# [TASK REQUIREMENTS]
Using the listing below, say how many of its lines hold "tiles". Offer nothing beyond the number.

# [EXCERPTED DATA]
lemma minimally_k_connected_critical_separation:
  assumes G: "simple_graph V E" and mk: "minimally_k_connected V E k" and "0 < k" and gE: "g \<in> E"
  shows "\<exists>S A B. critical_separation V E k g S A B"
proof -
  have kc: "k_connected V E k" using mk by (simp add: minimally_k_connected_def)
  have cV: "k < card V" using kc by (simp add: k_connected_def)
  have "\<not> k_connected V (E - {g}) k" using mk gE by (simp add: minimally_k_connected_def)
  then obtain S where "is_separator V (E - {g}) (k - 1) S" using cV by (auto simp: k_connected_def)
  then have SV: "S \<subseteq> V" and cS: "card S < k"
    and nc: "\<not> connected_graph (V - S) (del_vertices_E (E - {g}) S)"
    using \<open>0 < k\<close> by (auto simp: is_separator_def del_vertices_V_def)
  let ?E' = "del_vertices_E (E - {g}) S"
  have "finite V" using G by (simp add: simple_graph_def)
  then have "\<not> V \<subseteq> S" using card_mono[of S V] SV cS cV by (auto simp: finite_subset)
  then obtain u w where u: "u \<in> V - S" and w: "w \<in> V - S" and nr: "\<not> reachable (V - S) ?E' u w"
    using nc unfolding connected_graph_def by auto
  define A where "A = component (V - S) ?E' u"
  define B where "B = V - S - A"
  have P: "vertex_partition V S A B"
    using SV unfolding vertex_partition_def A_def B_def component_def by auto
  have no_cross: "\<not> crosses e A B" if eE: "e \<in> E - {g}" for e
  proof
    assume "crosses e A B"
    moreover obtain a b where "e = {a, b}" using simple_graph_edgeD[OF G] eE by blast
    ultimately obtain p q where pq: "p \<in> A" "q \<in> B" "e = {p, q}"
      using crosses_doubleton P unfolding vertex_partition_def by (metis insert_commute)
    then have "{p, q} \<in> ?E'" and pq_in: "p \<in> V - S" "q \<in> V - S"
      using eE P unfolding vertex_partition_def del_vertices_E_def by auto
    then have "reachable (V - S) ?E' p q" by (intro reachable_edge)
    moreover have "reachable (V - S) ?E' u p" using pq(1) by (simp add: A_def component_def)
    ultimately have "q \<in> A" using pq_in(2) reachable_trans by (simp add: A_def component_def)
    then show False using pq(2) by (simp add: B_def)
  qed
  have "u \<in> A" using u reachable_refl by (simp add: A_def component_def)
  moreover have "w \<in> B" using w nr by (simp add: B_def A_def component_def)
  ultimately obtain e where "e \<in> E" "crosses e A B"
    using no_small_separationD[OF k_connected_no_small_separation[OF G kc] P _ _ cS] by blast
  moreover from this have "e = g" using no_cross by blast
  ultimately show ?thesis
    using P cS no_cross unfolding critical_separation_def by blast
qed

...

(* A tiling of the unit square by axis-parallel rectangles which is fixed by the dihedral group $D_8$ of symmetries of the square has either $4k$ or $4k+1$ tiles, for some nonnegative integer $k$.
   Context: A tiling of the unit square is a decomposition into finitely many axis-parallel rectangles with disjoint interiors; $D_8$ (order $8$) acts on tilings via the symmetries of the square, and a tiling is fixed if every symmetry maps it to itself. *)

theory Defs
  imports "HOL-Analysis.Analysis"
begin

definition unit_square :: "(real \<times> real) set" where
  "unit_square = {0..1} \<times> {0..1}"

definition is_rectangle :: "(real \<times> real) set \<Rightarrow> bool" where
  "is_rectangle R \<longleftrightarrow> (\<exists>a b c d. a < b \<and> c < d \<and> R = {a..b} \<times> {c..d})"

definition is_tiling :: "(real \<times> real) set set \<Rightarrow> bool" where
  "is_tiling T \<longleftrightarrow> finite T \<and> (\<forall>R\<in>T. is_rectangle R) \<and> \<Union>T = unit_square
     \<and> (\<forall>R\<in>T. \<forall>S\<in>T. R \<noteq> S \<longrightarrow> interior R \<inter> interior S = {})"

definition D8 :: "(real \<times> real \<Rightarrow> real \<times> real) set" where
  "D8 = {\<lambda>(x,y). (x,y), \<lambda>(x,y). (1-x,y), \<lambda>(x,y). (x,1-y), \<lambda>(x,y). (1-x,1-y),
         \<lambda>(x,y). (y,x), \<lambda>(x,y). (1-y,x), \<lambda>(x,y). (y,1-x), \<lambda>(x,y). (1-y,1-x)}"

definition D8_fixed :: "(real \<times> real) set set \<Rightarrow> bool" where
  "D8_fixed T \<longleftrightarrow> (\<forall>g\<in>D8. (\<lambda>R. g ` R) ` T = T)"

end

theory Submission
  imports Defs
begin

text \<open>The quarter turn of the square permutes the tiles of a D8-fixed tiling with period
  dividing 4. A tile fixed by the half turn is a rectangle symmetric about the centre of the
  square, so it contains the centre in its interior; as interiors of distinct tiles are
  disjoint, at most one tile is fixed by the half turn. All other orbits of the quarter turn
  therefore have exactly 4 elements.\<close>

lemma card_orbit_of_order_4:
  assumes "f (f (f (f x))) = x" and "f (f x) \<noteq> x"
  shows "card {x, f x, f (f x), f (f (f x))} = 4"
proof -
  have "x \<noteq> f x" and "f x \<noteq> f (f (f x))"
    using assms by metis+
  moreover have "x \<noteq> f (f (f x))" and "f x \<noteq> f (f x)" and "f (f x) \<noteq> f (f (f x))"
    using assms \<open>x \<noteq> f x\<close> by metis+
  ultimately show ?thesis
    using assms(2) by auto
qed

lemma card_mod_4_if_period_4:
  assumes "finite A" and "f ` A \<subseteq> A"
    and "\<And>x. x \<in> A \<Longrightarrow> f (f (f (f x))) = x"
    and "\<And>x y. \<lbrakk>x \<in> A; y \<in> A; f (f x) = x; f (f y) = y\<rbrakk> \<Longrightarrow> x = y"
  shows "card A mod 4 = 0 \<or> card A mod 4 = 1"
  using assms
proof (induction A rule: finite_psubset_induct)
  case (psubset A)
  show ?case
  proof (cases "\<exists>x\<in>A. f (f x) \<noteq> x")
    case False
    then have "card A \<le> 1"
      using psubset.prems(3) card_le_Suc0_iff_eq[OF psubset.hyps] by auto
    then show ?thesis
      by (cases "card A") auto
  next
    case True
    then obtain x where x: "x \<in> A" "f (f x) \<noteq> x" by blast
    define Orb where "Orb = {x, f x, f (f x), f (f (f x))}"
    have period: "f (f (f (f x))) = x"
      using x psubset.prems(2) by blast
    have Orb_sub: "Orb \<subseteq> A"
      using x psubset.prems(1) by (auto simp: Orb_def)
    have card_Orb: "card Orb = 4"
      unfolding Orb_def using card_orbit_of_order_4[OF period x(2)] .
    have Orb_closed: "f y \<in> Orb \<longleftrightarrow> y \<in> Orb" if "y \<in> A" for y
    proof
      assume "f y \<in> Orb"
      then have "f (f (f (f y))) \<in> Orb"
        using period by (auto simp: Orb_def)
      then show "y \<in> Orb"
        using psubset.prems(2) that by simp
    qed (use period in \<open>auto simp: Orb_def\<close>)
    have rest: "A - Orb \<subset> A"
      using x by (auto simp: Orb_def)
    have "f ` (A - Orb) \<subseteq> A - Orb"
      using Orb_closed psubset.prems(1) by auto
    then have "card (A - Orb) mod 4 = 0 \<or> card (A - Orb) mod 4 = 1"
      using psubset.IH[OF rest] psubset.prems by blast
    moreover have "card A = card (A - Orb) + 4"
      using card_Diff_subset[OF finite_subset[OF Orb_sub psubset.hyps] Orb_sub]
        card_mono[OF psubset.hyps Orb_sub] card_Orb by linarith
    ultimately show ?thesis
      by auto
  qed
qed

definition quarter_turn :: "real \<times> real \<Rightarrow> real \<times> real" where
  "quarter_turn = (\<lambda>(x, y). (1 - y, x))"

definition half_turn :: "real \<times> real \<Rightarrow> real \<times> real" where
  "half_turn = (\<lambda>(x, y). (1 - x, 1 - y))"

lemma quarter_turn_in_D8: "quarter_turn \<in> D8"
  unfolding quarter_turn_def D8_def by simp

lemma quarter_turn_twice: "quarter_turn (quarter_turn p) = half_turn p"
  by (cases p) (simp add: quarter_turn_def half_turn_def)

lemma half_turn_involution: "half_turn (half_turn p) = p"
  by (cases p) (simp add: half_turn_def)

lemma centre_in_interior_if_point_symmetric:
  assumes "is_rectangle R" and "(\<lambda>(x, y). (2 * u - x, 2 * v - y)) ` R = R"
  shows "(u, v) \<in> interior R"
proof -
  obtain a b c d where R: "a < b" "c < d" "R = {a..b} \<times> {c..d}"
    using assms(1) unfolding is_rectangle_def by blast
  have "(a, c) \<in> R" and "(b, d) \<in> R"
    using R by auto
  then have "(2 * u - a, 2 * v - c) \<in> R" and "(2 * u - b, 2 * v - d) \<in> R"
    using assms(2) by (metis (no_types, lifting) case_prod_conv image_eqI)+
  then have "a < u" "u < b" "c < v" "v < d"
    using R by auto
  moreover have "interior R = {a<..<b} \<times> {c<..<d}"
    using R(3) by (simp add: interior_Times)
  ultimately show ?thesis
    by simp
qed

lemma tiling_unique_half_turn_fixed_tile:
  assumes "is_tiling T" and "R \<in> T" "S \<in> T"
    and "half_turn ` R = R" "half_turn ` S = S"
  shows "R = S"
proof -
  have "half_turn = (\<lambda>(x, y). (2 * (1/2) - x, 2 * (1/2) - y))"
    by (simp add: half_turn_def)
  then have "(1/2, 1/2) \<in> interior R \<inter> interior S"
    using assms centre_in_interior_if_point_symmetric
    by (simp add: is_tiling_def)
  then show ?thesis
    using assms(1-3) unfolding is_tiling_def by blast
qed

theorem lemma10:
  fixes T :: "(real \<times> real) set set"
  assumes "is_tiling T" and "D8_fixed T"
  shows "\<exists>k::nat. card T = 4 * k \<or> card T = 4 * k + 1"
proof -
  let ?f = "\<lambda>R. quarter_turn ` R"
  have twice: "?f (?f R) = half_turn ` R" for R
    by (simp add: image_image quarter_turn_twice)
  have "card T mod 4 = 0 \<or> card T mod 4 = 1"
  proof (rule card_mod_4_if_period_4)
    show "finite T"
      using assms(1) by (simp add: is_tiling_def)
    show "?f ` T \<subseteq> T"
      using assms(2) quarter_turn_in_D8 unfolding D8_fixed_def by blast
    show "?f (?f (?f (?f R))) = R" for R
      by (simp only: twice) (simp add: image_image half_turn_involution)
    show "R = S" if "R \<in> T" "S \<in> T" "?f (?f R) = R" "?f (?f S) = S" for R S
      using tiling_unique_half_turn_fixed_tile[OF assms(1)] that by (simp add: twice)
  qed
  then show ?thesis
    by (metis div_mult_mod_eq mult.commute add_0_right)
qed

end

# [THE ANSWER]
3